▸ **RECORDS FOR PROCESSING**

☆ ☆ ☆ ☆ ☆

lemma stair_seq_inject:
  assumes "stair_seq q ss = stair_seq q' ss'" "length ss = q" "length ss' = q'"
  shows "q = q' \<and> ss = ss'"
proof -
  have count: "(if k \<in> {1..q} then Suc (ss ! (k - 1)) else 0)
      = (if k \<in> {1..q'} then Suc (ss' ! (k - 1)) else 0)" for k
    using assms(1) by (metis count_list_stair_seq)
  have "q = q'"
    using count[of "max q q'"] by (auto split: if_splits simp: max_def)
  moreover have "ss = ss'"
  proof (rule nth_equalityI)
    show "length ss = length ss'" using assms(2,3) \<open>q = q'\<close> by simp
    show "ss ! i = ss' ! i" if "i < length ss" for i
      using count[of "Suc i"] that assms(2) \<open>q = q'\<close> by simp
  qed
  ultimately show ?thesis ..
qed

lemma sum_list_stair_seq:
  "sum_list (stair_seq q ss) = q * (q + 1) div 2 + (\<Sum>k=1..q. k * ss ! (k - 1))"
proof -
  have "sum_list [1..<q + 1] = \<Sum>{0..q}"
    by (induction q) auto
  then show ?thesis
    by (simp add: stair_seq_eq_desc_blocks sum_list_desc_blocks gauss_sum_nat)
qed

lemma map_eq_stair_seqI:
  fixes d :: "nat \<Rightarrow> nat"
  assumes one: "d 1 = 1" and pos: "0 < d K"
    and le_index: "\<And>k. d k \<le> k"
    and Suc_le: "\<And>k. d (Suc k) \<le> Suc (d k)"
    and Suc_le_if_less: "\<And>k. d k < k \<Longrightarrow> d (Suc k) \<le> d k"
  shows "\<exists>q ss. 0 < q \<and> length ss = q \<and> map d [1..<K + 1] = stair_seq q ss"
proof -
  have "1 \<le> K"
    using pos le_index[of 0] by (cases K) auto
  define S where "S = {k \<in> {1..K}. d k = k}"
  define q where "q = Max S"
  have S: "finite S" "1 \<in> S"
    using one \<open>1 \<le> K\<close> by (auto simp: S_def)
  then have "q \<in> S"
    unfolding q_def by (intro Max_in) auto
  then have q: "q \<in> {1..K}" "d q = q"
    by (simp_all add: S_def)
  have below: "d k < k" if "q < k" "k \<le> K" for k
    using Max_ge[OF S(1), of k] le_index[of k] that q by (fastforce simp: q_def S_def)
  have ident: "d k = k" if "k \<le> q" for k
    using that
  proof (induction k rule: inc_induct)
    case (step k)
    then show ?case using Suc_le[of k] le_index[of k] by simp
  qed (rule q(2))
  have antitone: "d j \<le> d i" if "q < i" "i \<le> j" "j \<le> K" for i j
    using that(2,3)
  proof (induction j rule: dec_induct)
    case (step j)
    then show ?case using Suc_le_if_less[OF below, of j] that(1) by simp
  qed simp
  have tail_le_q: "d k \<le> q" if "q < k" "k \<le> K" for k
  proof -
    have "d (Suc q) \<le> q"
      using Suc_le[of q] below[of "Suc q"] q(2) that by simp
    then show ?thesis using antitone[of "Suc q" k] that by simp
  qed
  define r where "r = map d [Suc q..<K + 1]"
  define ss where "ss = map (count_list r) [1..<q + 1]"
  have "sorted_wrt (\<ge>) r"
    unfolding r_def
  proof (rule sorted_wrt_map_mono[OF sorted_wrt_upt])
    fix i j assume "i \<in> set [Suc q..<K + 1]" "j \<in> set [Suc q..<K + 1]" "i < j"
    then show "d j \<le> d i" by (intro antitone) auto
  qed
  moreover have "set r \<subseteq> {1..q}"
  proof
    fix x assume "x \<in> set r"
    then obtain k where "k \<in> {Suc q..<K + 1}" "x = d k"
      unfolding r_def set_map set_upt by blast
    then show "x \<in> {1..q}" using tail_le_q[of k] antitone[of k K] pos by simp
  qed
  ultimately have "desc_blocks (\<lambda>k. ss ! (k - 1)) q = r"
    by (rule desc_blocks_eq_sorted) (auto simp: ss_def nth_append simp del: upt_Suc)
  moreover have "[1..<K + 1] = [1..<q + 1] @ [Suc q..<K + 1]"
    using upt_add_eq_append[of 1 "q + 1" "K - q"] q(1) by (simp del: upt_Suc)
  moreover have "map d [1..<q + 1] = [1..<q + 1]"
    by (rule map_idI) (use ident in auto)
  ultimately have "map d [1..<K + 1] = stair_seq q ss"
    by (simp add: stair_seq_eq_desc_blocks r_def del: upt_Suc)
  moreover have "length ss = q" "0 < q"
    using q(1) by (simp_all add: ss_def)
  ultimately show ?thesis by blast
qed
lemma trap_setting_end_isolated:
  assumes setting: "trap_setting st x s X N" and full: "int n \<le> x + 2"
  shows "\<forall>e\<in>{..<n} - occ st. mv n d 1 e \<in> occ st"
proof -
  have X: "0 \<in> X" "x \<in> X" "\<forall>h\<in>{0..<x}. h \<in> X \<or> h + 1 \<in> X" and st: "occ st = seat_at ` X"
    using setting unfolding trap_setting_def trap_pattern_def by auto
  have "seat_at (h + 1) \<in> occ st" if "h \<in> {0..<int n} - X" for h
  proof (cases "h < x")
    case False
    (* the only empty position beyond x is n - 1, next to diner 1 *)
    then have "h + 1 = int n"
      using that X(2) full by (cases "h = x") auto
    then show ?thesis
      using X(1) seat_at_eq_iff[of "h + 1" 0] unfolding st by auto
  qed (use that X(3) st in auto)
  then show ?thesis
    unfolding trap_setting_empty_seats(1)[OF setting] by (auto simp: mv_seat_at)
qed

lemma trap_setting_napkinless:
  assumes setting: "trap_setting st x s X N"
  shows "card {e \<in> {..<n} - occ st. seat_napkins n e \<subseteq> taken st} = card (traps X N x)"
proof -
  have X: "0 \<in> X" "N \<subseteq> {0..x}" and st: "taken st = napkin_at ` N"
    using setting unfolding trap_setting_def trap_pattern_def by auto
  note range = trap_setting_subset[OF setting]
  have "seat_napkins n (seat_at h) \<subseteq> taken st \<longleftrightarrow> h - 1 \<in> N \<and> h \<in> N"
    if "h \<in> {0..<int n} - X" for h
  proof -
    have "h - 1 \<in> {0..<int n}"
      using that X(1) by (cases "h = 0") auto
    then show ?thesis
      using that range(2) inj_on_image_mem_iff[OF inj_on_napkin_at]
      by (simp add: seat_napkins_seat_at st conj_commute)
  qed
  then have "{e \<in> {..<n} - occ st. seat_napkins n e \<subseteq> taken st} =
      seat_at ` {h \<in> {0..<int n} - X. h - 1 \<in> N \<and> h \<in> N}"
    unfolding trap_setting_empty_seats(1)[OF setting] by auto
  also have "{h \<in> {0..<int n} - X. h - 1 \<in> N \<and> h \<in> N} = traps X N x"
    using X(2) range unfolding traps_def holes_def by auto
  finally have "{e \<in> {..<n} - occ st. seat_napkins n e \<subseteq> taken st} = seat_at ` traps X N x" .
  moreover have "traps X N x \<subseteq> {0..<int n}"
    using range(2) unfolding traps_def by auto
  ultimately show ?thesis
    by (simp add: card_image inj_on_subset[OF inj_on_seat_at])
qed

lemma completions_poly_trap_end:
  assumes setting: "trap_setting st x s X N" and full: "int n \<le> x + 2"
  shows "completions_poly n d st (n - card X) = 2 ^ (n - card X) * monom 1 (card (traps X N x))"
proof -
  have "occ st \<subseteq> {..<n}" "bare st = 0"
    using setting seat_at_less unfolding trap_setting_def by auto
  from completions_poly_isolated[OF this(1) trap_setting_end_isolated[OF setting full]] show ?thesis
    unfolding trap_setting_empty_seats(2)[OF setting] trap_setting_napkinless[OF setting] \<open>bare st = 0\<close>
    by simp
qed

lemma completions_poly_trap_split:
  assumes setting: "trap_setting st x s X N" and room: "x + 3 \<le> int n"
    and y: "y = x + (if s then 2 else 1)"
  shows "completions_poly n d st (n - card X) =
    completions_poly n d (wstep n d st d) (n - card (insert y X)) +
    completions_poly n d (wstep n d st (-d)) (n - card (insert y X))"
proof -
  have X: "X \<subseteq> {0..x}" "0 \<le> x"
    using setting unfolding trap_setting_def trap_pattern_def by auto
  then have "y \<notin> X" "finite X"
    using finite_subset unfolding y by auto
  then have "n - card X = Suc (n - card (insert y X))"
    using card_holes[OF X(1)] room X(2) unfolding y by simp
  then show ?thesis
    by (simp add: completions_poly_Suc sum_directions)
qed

☆ ☆ ☆ ☆ ☆

▸ **TASK DESCRIPTION**
Every line that includes "lemma" must be copied from the material above.

▸ **TASK ANSWER**
lemma stair_seq_inject:
lemma sum_list_stair_seq:
lemma map_eq_stair_seqI:
lemma trap_setting_end_isolated:
lemma trap_setting_napkinless:
lemma completions_poly_trap_end:
lemma completions_poly_trap_split:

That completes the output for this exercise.